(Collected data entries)
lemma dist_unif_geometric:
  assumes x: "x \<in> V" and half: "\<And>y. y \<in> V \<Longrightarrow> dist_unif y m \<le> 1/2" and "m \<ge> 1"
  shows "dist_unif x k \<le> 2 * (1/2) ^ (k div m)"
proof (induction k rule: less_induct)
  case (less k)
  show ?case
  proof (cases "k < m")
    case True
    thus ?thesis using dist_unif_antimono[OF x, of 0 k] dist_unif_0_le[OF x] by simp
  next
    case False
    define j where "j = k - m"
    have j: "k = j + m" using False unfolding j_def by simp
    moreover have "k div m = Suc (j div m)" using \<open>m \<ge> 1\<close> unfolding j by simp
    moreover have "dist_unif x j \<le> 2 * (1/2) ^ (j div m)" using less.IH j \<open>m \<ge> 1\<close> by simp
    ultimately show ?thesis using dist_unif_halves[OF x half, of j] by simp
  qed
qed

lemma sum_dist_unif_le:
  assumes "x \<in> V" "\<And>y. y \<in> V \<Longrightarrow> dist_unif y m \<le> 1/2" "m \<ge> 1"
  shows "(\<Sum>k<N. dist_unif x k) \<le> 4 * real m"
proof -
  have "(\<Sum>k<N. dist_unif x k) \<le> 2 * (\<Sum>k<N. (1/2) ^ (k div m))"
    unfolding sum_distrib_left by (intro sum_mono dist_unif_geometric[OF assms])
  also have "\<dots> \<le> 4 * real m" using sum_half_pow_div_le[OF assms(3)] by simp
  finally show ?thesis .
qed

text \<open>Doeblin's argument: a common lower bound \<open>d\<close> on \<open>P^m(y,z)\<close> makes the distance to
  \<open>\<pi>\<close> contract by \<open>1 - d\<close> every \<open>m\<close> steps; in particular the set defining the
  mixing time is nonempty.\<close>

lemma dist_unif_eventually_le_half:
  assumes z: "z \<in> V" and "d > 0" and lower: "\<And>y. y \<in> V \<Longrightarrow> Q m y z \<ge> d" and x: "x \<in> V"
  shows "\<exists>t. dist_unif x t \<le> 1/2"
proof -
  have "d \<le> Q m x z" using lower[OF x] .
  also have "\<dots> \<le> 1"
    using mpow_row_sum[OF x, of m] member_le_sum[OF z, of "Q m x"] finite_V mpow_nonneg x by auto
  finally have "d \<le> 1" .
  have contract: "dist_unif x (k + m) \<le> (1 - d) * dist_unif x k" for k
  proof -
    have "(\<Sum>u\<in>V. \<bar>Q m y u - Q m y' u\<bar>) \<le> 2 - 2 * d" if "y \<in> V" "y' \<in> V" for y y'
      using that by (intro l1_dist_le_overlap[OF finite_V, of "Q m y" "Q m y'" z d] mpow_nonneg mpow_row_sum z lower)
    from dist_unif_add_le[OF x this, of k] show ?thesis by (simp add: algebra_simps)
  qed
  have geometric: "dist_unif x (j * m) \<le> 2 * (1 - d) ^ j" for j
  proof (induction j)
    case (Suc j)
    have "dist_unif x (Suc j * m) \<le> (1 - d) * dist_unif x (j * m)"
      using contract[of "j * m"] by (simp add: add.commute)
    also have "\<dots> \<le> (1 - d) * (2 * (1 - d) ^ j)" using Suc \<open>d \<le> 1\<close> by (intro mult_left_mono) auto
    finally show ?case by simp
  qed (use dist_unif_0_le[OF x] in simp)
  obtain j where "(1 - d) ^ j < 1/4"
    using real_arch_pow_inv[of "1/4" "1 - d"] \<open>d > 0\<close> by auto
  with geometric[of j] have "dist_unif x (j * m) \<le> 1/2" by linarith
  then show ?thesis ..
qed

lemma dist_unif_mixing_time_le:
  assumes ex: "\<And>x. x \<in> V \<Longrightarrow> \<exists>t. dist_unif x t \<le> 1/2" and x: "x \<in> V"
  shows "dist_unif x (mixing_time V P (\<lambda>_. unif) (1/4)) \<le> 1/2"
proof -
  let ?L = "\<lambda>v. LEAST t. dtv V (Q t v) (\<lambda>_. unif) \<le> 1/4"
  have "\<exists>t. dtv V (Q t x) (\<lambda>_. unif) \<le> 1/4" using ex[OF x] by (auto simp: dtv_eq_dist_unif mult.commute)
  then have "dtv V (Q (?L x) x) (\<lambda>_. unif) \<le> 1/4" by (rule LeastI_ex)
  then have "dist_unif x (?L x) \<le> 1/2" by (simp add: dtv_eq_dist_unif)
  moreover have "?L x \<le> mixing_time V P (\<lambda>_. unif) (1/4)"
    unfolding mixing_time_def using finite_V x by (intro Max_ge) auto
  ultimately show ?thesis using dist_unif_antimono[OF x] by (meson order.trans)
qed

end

* * *

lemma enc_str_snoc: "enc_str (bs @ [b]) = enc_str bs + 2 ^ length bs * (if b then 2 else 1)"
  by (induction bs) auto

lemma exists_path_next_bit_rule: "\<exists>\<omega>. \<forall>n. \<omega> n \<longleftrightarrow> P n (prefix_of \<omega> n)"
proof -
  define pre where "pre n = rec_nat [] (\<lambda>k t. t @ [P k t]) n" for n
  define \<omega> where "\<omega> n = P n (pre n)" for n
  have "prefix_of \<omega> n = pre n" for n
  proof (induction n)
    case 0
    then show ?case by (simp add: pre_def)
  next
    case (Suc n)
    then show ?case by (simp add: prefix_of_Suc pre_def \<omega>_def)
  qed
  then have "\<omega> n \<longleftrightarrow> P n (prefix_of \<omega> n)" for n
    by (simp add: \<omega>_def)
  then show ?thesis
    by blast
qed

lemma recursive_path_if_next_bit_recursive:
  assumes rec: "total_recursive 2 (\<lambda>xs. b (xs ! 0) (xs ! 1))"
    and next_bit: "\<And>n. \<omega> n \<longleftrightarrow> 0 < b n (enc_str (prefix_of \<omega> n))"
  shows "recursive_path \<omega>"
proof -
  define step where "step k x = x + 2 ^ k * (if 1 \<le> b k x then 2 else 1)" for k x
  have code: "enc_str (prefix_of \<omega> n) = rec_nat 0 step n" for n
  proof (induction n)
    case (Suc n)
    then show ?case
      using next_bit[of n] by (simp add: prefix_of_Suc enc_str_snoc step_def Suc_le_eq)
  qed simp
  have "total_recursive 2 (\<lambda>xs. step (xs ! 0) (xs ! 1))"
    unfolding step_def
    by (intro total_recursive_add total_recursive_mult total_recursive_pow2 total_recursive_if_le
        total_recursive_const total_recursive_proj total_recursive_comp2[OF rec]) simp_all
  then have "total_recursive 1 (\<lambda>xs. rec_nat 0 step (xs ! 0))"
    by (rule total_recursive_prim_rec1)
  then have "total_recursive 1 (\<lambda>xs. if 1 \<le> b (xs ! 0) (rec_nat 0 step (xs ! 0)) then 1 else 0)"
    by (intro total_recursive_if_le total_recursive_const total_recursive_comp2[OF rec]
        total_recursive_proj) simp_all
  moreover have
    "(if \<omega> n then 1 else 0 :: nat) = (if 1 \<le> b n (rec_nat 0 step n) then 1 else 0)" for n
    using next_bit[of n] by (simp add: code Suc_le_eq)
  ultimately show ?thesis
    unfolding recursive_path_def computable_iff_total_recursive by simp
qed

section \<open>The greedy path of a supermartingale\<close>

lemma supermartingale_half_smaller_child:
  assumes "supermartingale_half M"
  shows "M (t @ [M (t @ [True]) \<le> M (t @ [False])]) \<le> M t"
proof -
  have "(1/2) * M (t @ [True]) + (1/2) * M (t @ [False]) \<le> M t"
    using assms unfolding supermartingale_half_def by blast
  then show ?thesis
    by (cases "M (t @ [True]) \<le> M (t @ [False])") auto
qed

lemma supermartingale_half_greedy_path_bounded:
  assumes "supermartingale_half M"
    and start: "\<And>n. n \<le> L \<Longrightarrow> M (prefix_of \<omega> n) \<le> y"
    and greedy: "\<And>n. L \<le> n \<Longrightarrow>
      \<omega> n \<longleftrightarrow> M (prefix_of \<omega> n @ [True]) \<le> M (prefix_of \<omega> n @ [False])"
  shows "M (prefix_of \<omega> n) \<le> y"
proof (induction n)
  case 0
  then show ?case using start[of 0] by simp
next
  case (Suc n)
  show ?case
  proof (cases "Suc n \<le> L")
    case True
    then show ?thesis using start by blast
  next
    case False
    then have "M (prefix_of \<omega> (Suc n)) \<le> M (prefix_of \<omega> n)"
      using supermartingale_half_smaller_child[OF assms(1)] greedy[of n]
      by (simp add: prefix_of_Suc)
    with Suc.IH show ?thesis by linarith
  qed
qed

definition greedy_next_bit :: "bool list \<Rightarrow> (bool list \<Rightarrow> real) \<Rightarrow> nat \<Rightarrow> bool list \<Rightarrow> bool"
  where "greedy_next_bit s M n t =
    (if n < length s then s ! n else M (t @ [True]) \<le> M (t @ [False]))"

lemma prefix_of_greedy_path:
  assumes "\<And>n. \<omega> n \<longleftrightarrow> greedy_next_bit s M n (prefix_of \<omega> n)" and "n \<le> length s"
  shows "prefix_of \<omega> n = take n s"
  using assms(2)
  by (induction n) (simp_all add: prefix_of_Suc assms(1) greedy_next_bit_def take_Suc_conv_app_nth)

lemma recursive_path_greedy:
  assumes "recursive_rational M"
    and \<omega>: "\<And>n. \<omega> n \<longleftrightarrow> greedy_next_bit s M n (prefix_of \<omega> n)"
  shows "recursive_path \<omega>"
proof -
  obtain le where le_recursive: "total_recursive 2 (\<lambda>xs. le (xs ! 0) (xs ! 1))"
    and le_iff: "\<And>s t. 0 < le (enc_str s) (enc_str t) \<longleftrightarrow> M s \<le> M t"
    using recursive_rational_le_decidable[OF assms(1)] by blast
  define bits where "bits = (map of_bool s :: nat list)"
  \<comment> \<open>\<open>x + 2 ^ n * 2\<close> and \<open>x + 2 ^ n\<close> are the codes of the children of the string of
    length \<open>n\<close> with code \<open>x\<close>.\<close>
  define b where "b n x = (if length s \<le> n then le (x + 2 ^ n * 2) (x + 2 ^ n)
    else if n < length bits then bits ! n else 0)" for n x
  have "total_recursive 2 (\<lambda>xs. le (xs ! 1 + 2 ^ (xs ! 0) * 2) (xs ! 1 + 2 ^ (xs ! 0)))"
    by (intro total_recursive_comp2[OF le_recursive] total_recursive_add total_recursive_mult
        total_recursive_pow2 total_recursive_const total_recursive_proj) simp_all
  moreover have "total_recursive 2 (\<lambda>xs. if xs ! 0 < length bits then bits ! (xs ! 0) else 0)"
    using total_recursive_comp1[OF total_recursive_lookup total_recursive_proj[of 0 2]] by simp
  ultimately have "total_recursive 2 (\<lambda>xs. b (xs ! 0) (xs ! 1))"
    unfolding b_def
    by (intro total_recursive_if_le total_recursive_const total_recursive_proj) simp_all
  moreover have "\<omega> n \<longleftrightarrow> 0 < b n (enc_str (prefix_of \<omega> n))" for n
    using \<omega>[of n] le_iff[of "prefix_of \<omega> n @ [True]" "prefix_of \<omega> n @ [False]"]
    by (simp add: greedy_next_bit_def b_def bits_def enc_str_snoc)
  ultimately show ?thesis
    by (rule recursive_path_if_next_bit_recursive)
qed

...

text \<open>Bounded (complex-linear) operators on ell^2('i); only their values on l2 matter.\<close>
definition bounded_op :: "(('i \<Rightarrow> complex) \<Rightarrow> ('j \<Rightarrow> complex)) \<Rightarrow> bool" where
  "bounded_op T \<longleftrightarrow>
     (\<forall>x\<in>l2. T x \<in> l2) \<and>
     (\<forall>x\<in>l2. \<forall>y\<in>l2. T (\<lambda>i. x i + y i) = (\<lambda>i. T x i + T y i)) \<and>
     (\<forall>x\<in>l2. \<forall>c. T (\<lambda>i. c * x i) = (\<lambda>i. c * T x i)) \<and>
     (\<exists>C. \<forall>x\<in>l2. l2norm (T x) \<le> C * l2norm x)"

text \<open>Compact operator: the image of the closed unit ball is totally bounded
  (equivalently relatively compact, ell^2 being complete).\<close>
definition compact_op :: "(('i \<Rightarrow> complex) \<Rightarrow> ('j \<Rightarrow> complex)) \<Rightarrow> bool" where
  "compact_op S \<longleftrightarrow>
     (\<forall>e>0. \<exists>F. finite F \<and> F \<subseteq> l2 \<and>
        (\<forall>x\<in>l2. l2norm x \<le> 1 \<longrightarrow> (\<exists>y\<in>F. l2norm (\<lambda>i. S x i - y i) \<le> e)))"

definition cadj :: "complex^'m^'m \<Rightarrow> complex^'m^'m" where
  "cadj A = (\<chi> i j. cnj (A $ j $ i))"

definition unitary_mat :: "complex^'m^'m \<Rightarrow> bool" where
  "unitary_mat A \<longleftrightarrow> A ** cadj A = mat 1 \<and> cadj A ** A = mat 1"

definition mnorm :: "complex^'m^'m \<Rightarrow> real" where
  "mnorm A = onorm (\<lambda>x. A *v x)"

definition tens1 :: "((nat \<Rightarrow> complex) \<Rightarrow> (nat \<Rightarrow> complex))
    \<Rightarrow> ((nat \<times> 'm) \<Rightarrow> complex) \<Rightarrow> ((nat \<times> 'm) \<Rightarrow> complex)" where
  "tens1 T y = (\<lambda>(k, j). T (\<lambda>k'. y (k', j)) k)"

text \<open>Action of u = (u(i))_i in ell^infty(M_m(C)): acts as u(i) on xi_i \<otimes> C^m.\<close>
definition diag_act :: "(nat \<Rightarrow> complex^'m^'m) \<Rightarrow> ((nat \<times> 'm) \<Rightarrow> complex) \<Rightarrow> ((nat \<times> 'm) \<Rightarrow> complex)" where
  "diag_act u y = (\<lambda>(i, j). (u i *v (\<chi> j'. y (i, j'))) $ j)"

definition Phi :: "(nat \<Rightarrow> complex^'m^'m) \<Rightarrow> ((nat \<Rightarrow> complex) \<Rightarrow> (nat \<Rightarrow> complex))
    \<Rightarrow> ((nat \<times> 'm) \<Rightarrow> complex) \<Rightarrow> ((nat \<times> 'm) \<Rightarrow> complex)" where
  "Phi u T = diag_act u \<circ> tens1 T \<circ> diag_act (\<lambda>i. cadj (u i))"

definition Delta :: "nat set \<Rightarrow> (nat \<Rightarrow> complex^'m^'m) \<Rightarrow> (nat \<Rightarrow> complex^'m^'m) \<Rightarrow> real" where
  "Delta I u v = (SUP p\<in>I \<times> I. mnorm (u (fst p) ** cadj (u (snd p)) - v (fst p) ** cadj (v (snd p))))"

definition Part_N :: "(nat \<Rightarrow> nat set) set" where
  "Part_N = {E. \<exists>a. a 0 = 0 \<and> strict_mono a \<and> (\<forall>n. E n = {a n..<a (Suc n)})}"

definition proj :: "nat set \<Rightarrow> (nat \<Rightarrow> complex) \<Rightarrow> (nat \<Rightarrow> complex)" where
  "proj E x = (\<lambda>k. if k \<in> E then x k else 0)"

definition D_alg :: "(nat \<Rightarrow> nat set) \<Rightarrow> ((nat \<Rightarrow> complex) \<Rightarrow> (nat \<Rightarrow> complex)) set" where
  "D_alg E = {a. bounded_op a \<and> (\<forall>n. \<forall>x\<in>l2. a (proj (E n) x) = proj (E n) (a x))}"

> _What is needed_:
Every line in the records above with the string "False" in it should be shown.

> _Exercise response_:
    case False
    have j: "k = j + m" using False unfolding j_def by simp
  shows "M (t @ [M (t @ [True]) \<le> M (t @ [False])]) \<le> M t"
  have "(1/2) * M (t @ [True]) + (1/2) * M (t @ [False]) \<le> M t"
    by (cases "M (t @ [True]) \<le> M (t @ [False])") auto
      \<omega> n \<longleftrightarrow> M (prefix_of \<omega> n @ [True]) \<le> M (prefix_of \<omega> n @ [False])"
    case False
    (if n < length s then s ! n else M (t @ [True]) \<le> M (t @ [False]))"
    using \<omega>[of n] le_iff[of "prefix_of \<omega> n @ [True]" "prefix_of \<omega> n @ [False]"]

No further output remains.